For Gasche as a writer, he most enjoyed telling the exciting story of B-29 tail gunner Robert Franz of Deshler who was forced to bail out of his burning plane over Japan.

“For me, it was a moving experience [to collect the stories],” Gasche said. “I was born in 1938 and the first thing I can remember is the war.”

Gasche describes his book as “the memories of men comfortable with the word ‘duty’ but never with the word ‘hero’.”

“But, of course, they were heroes,” he writes. “They were ordinary people who did extraordinary things under dangerous conditions and that, by definition, is essentially heroic.”

It wasn’t always easy for the men to tell their tales. Tears sometimes flowed, and many had never before recounted their often horrifying experiences.

“You certainly can’t judge the morality of the individual acts unless you were part of it,” Gasche said. “You just had to be there.”

They left home, jobs and family to fight an army that was terrorizing the world.

“It was asking a lot from people,” Gasche said, “but that was a lot more of a clean cut war than any we’ve had since.”

Like Art Rorhs, who lost his wife, left behind his son and returned to duty, the suffering of many veterans was unfathomable.

“That’s the sort of thing that nobody gets a medal for,” Gasche said.

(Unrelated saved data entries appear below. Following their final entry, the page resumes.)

lemma is_mp_pinv_unique:
  fixes A :: "real^'m^'n"
  assumes "is_mp_pinv A B1" "is_mp_pinv A B2"
  shows "B1 = B2"
proof -
  have a1: "A ** B1 ** A = A" "B1 ** A ** B1 = B1" "transpose (A ** B1) = A ** B1"
      "transpose (B1 ** A) = B1 ** A"
    using assms(1) unfolding is_mp_pinv_def by auto
  have a2: "A ** B2 ** A = A" "B2 ** A ** B2 = B2" "transpose (A ** B2) = A ** B2"
      "transpose (B2 ** A) = B2 ** A"
    using assms(2) unfolding is_mp_pinv_def by auto
  have "B1 = B1 ** (A ** B1)" using a1(2) by (simp add: matrix_mul_assoc)
  also have "\<dots> = B1 ** transpose B1 ** transpose A"
    by (metis a1(3) matrix_transpose_mul matrix_mul_assoc)
  also have "\<dots> = B1 ** transpose B1 ** (transpose A ** transpose B2 ** transpose A)"
    by (metis a2(1) matrix_transpose_mul matrix_mul_assoc)
  also have "\<dots> = B1 ** transpose (A ** B1) ** transpose (A ** B2)"
    by (simp add: matrix_transpose_mul matrix_mul_assoc)
  also have "\<dots> = B1 ** A ** B2"
    using a1 a2 by (simp add: matrix_mul_assoc)
  finally have B1: "B1 = B1 ** A ** B2" .
  have "B2 = (B2 ** A) ** B2" using a2(2) by simp
  also have "\<dots> = transpose A ** transpose B2 ** B2"
    by (metis a2(4) matrix_transpose_mul)
  also have "\<dots> = (transpose A ** transpose B1 ** transpose A) ** transpose B2 ** B2"
    by (metis a1(1) matrix_transpose_mul matrix_mul_assoc)
  also have "\<dots> = transpose (B1 ** A) ** transpose (B2 ** A) ** B2"
    by (simp add: matrix_transpose_mul matrix_mul_assoc)
  also have "\<dots> = B1 ** A ** B2"
    using a1 a2 by (metis matrix_mul_assoc)
  finally show ?thesis using B1 by simp
qed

• Copies of Memories of War are available at the Farmland News office in Archbold. For information about ordering, call 1-888-445-9456.

Quotes from the book... 

It was a big war and some parts were pretty bad. But I believe it was something that needed to be done. It’s history now and I’m proud that I’m part of it.
    – John Bates (Arthur, Ohio)

It’s difficult to explain to anyone what we went through in World War II. We were trained to do something and we did it, one step at a time.
– Robert Franz (Deshler, Ohio)

Everybody in it just did their jobs and nobody expected any thank you certificates or medals. Those of us who lived through it came home and started doing different jobs. It’s hard to believe now, but that’s just how it was at the time.
– J.R. Frey (Pandora, Ohio)

People who weren’t in combat just don’t realize the things that happened. Your buddies get all blowed to hell and there’s blood soaked into the snow. You don’t forget stuff like that, you never forget, not as long as you live, not ever.
– Frank Miller (Walbridge, Ohio)

As we moved through the camp, I saw bodies stacked like cords of wood. For a small-town fella from Ohio farm country, it was utterly overwhelming. I cannot describe my feelings, except to say that my heart is still sick with sadness.
– Richard Seibel (Defiance, Ohio)

The Japanese, European and Russian civilians suffered terrible hardships. Those of us serving overseas in the military understood those hardships, but I don’t believe that the Americans at home ever really understood what the war was like.
– Bob Greek (Montpelier, Ohio)

Right from the start, I felt completely at home in a fighter plane. the flying just as natural to me as anything I’d ever done, including farming.
– Roy Kispaugh (Weston, Mich.)

I was discharged from the Air Force in October, 1945, and I haven’t been up in a plane since.
– Clair Lehman (Strkyer, Ohio)

I was so happy to see good old Wauseon. I wouldn’t have believed any town could look so good.
– Frank Fauver (Wauseon, Ohio)

[Upon his return home…] I got my barracks bag and started hitchhiking home. It was snowing and a guy picked me up right away. There simply are no words to express how glad I was to walk back into my father’s and mother’s house.